Required action » Check each line of the records below for the word "monop" and copy those where it appears.

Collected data
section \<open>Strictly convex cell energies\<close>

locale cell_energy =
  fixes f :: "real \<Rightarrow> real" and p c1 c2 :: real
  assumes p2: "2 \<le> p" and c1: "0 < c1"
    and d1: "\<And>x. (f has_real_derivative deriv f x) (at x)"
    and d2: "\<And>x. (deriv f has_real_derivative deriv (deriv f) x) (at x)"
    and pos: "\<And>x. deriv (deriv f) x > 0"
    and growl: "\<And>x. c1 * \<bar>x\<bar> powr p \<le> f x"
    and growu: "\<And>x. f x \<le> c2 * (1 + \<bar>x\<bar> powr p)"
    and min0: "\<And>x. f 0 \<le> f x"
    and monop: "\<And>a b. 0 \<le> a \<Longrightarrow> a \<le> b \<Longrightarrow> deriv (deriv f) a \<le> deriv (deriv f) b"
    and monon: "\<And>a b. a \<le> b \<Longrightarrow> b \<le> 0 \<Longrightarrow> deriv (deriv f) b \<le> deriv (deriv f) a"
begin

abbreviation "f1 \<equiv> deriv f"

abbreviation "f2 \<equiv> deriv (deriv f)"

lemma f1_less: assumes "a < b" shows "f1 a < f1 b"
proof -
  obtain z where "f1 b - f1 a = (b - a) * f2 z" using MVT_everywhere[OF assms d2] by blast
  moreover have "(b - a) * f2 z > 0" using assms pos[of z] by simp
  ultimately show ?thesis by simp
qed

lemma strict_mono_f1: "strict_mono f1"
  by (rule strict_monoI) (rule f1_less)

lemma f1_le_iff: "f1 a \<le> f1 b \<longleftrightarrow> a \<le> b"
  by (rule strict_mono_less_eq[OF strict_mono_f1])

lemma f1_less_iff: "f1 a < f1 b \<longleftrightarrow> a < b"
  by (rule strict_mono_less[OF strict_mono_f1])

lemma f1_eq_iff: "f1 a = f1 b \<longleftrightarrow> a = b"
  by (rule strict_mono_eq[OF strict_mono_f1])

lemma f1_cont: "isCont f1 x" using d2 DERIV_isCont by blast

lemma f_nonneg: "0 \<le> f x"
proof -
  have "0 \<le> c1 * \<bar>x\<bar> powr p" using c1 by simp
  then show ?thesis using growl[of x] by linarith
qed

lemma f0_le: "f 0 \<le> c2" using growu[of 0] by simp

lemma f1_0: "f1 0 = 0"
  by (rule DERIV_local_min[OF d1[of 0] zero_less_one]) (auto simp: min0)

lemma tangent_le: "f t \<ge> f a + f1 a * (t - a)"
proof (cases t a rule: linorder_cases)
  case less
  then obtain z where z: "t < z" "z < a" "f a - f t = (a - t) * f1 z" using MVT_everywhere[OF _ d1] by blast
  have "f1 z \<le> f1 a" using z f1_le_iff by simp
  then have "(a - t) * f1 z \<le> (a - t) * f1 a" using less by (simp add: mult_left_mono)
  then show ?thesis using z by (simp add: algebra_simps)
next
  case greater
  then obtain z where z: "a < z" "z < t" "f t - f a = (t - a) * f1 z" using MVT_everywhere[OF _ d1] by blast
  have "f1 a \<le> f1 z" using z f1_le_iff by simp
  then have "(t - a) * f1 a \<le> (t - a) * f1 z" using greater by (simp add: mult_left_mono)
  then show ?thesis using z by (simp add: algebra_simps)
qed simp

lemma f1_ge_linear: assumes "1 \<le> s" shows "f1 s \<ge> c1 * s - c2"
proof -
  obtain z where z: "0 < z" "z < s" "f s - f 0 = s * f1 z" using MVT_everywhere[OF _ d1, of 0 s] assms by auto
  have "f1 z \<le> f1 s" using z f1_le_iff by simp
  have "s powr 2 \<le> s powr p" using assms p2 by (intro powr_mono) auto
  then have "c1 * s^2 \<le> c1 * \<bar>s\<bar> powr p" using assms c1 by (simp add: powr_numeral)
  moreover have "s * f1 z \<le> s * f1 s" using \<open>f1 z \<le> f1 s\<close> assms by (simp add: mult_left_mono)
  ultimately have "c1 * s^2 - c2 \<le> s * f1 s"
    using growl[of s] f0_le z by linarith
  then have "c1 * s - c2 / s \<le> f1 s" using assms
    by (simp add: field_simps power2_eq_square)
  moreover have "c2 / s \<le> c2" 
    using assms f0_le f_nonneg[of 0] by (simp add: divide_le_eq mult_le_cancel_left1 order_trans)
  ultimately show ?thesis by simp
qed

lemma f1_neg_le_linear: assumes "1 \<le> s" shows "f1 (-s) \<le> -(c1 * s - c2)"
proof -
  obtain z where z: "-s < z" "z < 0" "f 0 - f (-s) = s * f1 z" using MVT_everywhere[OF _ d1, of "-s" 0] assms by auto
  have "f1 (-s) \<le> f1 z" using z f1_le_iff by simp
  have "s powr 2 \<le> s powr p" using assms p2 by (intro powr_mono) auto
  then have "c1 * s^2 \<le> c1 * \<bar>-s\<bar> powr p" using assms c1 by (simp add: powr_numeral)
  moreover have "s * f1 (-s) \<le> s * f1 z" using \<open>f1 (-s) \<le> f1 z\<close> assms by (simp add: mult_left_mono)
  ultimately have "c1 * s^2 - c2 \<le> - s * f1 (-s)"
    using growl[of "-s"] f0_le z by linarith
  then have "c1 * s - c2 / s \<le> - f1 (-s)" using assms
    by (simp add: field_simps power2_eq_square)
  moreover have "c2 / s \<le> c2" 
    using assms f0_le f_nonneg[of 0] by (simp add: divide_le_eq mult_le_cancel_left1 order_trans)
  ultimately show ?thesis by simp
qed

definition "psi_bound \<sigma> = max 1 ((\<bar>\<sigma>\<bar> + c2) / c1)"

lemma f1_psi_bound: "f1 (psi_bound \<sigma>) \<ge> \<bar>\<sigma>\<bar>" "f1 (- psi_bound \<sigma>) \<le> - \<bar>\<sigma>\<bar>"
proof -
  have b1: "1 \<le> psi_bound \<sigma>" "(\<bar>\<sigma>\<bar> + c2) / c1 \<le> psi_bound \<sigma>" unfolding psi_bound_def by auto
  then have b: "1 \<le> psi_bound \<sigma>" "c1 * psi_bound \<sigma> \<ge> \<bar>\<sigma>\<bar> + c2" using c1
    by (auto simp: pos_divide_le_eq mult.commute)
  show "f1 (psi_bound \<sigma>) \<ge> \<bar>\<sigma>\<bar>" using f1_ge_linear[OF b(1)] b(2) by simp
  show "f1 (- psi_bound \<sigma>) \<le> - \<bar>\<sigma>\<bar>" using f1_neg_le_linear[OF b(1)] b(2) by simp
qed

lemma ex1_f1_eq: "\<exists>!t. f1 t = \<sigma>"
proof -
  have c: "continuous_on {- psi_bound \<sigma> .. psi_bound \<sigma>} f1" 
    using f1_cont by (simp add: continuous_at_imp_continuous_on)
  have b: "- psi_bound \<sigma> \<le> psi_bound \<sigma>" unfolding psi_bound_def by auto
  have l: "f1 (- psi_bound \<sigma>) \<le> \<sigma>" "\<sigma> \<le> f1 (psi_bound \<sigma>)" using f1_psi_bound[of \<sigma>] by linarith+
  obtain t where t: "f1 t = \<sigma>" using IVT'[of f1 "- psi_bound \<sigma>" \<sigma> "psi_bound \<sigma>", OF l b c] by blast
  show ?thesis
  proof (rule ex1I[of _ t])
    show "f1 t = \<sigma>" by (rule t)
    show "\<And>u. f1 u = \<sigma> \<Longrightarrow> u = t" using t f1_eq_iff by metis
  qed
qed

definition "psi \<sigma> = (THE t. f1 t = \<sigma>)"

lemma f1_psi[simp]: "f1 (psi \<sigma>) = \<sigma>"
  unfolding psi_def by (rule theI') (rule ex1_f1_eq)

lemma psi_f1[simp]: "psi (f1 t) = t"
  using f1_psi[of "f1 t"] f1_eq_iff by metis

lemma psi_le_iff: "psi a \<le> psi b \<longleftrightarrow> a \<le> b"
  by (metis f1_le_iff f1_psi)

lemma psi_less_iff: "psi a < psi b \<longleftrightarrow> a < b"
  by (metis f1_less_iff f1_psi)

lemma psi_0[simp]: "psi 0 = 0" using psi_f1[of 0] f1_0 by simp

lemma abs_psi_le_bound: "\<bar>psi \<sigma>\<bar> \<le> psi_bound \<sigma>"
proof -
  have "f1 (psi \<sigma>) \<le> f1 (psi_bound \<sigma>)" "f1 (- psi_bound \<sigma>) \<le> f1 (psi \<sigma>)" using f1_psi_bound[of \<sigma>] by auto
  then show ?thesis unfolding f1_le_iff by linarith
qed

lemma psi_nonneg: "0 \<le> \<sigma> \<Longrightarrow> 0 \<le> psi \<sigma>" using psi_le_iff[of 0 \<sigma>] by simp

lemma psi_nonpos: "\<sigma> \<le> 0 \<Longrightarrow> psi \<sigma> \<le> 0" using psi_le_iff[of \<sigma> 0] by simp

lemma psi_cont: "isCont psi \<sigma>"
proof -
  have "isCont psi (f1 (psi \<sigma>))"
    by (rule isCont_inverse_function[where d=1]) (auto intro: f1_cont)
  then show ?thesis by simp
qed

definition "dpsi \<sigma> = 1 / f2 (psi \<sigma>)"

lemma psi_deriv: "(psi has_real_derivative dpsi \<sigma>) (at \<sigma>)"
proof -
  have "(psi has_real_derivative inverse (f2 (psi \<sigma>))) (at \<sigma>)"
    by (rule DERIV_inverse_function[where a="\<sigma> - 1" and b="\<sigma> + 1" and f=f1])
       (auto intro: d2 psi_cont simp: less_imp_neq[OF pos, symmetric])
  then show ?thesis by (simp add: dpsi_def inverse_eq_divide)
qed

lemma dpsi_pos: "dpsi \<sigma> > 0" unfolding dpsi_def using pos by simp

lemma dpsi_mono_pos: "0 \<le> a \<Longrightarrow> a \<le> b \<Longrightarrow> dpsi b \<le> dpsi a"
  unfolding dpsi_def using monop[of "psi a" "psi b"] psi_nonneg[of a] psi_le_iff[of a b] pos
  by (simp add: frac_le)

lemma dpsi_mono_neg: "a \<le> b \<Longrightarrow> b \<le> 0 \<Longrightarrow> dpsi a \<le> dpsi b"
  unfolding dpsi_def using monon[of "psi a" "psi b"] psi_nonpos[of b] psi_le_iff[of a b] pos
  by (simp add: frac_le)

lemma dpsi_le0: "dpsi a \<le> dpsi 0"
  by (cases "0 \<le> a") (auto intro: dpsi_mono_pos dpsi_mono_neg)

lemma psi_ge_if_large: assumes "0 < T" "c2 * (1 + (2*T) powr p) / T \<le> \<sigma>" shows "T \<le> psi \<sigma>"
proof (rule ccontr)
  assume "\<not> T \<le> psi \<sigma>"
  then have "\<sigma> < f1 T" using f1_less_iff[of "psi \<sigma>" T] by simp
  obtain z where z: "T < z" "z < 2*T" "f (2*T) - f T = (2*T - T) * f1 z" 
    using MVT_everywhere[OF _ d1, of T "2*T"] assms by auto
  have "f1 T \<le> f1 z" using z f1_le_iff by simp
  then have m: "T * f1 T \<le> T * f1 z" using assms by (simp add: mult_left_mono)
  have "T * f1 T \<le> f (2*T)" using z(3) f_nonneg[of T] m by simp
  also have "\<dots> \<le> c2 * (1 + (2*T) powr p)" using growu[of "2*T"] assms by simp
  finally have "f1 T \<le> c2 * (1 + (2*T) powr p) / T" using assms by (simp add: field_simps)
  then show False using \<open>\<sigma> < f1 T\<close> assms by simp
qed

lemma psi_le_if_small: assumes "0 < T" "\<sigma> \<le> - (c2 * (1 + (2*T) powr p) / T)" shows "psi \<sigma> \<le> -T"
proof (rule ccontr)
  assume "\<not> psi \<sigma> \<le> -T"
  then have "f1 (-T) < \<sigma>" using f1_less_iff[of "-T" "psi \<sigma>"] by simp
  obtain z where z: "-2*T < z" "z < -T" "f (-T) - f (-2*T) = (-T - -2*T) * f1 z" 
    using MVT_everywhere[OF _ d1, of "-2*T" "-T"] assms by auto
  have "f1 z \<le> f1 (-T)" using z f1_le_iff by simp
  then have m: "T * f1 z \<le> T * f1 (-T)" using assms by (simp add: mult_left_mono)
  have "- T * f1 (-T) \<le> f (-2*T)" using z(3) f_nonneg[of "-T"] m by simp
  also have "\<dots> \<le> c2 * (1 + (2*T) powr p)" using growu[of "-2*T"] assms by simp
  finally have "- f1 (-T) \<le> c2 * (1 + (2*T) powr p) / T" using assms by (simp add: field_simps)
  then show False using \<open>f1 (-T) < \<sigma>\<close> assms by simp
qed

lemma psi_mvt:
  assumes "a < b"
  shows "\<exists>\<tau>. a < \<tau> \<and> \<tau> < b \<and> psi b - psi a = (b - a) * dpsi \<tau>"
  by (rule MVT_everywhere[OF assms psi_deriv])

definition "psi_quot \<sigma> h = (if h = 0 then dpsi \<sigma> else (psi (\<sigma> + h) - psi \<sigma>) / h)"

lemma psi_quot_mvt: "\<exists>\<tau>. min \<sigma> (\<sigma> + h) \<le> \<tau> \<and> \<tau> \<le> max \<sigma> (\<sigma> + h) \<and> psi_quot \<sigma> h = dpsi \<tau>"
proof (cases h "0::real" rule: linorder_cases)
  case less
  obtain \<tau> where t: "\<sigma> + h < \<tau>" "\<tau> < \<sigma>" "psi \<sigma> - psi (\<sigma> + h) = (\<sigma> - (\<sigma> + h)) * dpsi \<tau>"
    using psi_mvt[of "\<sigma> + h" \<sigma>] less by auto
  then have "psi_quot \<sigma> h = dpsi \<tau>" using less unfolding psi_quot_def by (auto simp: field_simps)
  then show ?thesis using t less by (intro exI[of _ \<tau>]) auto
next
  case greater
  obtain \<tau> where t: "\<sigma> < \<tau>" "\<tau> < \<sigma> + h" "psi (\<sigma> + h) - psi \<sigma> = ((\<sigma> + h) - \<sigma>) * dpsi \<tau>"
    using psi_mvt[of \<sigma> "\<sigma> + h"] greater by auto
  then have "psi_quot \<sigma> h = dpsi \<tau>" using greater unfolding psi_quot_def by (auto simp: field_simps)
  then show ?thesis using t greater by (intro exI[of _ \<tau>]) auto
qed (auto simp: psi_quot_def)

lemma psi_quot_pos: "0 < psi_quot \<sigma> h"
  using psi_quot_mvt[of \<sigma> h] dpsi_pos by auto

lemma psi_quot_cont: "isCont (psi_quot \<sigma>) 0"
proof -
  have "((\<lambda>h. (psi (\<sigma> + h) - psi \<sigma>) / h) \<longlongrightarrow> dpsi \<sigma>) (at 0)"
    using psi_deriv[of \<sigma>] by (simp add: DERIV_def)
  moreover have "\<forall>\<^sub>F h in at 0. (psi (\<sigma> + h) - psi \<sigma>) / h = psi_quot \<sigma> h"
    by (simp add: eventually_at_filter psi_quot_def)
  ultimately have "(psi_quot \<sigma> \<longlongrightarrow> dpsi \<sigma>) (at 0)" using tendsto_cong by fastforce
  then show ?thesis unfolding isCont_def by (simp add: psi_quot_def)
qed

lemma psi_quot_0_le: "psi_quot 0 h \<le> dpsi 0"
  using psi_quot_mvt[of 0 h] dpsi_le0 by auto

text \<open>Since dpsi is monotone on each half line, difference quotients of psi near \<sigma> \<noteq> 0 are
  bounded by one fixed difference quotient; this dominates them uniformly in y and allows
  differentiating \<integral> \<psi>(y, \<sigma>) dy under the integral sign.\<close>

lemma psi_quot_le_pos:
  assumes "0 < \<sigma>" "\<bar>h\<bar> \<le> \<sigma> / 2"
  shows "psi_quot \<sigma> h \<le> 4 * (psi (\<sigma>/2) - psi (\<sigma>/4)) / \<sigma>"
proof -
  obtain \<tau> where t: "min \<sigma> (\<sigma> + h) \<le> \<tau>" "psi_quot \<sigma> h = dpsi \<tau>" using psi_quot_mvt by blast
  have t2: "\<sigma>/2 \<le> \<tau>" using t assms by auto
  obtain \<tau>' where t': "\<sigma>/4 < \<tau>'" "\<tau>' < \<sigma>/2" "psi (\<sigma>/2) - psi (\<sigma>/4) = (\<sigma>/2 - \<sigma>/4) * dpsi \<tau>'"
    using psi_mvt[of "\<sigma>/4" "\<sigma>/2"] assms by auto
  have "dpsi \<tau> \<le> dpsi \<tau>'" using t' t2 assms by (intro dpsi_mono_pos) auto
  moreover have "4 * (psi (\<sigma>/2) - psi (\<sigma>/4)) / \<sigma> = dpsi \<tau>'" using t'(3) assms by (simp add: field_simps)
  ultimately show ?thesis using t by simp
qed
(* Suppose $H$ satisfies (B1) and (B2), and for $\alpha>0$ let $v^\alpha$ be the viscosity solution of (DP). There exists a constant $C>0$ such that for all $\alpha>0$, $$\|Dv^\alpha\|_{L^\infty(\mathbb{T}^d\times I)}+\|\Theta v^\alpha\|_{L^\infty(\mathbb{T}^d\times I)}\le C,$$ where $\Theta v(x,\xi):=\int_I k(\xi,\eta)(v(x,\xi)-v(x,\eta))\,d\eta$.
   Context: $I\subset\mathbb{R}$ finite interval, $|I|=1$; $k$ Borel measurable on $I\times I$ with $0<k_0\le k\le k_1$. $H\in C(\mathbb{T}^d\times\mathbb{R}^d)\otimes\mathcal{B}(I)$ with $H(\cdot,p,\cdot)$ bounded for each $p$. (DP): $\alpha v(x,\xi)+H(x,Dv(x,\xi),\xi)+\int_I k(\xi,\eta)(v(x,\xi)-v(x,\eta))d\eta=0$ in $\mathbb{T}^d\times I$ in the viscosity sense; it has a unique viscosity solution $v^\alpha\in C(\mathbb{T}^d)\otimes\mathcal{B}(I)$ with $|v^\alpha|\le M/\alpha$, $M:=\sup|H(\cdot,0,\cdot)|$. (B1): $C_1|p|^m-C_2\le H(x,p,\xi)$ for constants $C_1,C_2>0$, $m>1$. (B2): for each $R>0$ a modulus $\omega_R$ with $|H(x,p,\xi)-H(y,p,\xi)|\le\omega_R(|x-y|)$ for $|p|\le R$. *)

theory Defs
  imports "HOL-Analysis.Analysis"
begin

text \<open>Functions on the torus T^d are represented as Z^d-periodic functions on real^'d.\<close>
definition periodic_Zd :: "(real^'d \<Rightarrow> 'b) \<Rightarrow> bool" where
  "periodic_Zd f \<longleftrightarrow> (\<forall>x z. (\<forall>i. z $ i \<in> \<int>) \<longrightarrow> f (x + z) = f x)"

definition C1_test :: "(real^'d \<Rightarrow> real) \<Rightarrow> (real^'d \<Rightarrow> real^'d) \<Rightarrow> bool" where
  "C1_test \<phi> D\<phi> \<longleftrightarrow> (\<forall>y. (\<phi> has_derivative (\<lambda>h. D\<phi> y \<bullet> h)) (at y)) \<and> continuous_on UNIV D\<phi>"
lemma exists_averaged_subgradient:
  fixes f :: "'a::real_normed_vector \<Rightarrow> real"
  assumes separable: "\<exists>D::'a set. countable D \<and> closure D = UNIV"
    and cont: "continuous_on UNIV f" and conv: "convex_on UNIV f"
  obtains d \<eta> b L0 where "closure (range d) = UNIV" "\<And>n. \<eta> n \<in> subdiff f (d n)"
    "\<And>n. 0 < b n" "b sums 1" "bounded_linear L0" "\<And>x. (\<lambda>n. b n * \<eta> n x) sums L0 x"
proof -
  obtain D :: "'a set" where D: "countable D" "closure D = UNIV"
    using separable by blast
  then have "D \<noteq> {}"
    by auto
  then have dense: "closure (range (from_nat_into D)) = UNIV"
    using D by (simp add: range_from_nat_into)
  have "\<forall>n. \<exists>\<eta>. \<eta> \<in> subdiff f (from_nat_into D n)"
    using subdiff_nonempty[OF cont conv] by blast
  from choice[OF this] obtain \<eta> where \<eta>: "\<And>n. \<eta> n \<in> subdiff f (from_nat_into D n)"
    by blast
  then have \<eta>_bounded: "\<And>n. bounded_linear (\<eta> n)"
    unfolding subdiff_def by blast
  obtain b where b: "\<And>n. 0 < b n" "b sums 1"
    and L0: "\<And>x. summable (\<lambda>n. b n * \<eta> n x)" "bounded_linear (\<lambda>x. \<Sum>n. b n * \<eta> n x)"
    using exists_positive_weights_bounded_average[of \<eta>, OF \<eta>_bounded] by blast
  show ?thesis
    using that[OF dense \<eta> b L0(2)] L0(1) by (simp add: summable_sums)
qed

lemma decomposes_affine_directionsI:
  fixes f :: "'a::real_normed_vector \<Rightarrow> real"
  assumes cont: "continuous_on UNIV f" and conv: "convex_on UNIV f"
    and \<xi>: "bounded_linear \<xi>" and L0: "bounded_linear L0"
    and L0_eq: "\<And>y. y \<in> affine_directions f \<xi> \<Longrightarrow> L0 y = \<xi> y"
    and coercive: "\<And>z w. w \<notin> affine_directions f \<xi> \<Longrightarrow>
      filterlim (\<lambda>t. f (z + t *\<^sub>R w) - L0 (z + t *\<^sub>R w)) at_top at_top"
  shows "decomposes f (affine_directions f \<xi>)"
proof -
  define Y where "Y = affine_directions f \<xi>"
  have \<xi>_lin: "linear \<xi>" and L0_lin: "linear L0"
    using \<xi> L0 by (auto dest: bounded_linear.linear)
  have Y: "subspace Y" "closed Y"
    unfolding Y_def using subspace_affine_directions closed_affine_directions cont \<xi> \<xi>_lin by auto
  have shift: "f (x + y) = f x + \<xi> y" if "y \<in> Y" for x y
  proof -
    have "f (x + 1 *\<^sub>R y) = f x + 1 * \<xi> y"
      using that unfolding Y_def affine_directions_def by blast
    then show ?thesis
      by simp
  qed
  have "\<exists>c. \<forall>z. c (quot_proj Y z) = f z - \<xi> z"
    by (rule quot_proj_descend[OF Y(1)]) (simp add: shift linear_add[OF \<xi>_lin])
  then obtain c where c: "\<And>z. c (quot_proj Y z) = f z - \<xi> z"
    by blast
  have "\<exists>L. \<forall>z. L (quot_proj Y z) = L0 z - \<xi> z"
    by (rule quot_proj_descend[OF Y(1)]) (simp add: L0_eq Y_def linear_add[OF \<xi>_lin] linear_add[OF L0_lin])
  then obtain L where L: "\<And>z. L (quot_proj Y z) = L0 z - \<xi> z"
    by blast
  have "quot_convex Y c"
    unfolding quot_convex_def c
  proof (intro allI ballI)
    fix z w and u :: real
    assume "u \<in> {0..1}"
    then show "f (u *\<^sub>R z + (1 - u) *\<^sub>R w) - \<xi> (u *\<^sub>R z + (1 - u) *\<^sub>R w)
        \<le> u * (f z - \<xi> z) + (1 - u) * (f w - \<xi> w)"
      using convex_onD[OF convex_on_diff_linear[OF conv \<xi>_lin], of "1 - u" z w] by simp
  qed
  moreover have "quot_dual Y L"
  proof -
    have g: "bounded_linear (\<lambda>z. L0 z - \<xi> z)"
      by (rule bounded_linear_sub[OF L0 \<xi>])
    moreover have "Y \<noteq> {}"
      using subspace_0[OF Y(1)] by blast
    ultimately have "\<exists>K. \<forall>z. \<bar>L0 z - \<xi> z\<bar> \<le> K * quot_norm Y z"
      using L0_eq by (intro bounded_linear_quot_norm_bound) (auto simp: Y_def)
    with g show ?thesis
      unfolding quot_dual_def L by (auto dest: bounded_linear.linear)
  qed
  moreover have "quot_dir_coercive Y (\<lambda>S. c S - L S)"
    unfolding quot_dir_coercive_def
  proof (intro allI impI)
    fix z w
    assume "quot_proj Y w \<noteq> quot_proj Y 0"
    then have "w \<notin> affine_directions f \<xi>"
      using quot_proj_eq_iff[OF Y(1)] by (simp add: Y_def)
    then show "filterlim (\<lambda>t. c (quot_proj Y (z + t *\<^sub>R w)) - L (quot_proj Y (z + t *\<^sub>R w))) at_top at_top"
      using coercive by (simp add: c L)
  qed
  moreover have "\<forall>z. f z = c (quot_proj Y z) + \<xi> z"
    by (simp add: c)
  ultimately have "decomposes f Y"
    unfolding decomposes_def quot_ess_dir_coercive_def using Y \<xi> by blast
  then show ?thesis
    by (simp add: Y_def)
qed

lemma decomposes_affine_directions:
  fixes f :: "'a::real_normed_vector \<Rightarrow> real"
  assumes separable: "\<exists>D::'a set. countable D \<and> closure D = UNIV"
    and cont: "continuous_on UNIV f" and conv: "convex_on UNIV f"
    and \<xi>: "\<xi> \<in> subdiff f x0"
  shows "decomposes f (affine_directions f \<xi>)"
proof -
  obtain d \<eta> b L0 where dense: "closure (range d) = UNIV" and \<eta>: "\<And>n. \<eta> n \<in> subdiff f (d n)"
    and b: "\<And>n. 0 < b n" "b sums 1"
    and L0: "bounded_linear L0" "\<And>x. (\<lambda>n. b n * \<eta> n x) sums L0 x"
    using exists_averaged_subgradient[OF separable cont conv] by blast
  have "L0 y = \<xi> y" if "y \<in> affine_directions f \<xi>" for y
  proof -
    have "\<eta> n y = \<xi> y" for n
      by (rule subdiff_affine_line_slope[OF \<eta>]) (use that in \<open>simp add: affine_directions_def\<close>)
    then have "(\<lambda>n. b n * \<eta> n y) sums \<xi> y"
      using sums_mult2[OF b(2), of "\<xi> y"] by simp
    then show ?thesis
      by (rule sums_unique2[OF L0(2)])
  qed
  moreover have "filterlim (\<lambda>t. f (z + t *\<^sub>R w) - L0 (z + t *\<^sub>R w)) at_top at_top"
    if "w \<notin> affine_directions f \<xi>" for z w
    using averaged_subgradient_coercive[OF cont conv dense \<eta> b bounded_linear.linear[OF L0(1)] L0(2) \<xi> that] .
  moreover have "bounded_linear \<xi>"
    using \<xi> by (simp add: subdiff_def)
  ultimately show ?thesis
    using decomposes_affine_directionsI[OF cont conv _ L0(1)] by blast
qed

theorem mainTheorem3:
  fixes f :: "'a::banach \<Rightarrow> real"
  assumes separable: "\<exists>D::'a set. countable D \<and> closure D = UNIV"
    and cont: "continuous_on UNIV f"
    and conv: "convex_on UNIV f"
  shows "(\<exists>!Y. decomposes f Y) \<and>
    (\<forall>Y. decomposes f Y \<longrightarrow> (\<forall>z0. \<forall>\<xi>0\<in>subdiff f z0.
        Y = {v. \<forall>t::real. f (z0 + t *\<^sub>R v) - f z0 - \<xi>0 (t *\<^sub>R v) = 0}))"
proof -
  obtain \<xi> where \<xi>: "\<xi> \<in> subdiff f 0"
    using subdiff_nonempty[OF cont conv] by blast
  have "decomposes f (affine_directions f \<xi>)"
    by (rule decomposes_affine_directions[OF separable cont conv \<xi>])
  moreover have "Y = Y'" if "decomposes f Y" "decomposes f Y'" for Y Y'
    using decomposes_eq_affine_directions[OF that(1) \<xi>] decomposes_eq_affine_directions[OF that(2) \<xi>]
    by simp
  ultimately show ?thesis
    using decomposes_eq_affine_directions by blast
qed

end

Written response »
    and monop: "\<And>a b. 0 \<le> a \<Longrightarrow> a \<le> b \<Longrightarrow> deriv (deriv f) a \<le> deriv (deriv f) b"
  unfolding dpsi_def using monop[of "psi a" "psi b"] psi_nonneg[of a] psi_le_iff[of a b] pos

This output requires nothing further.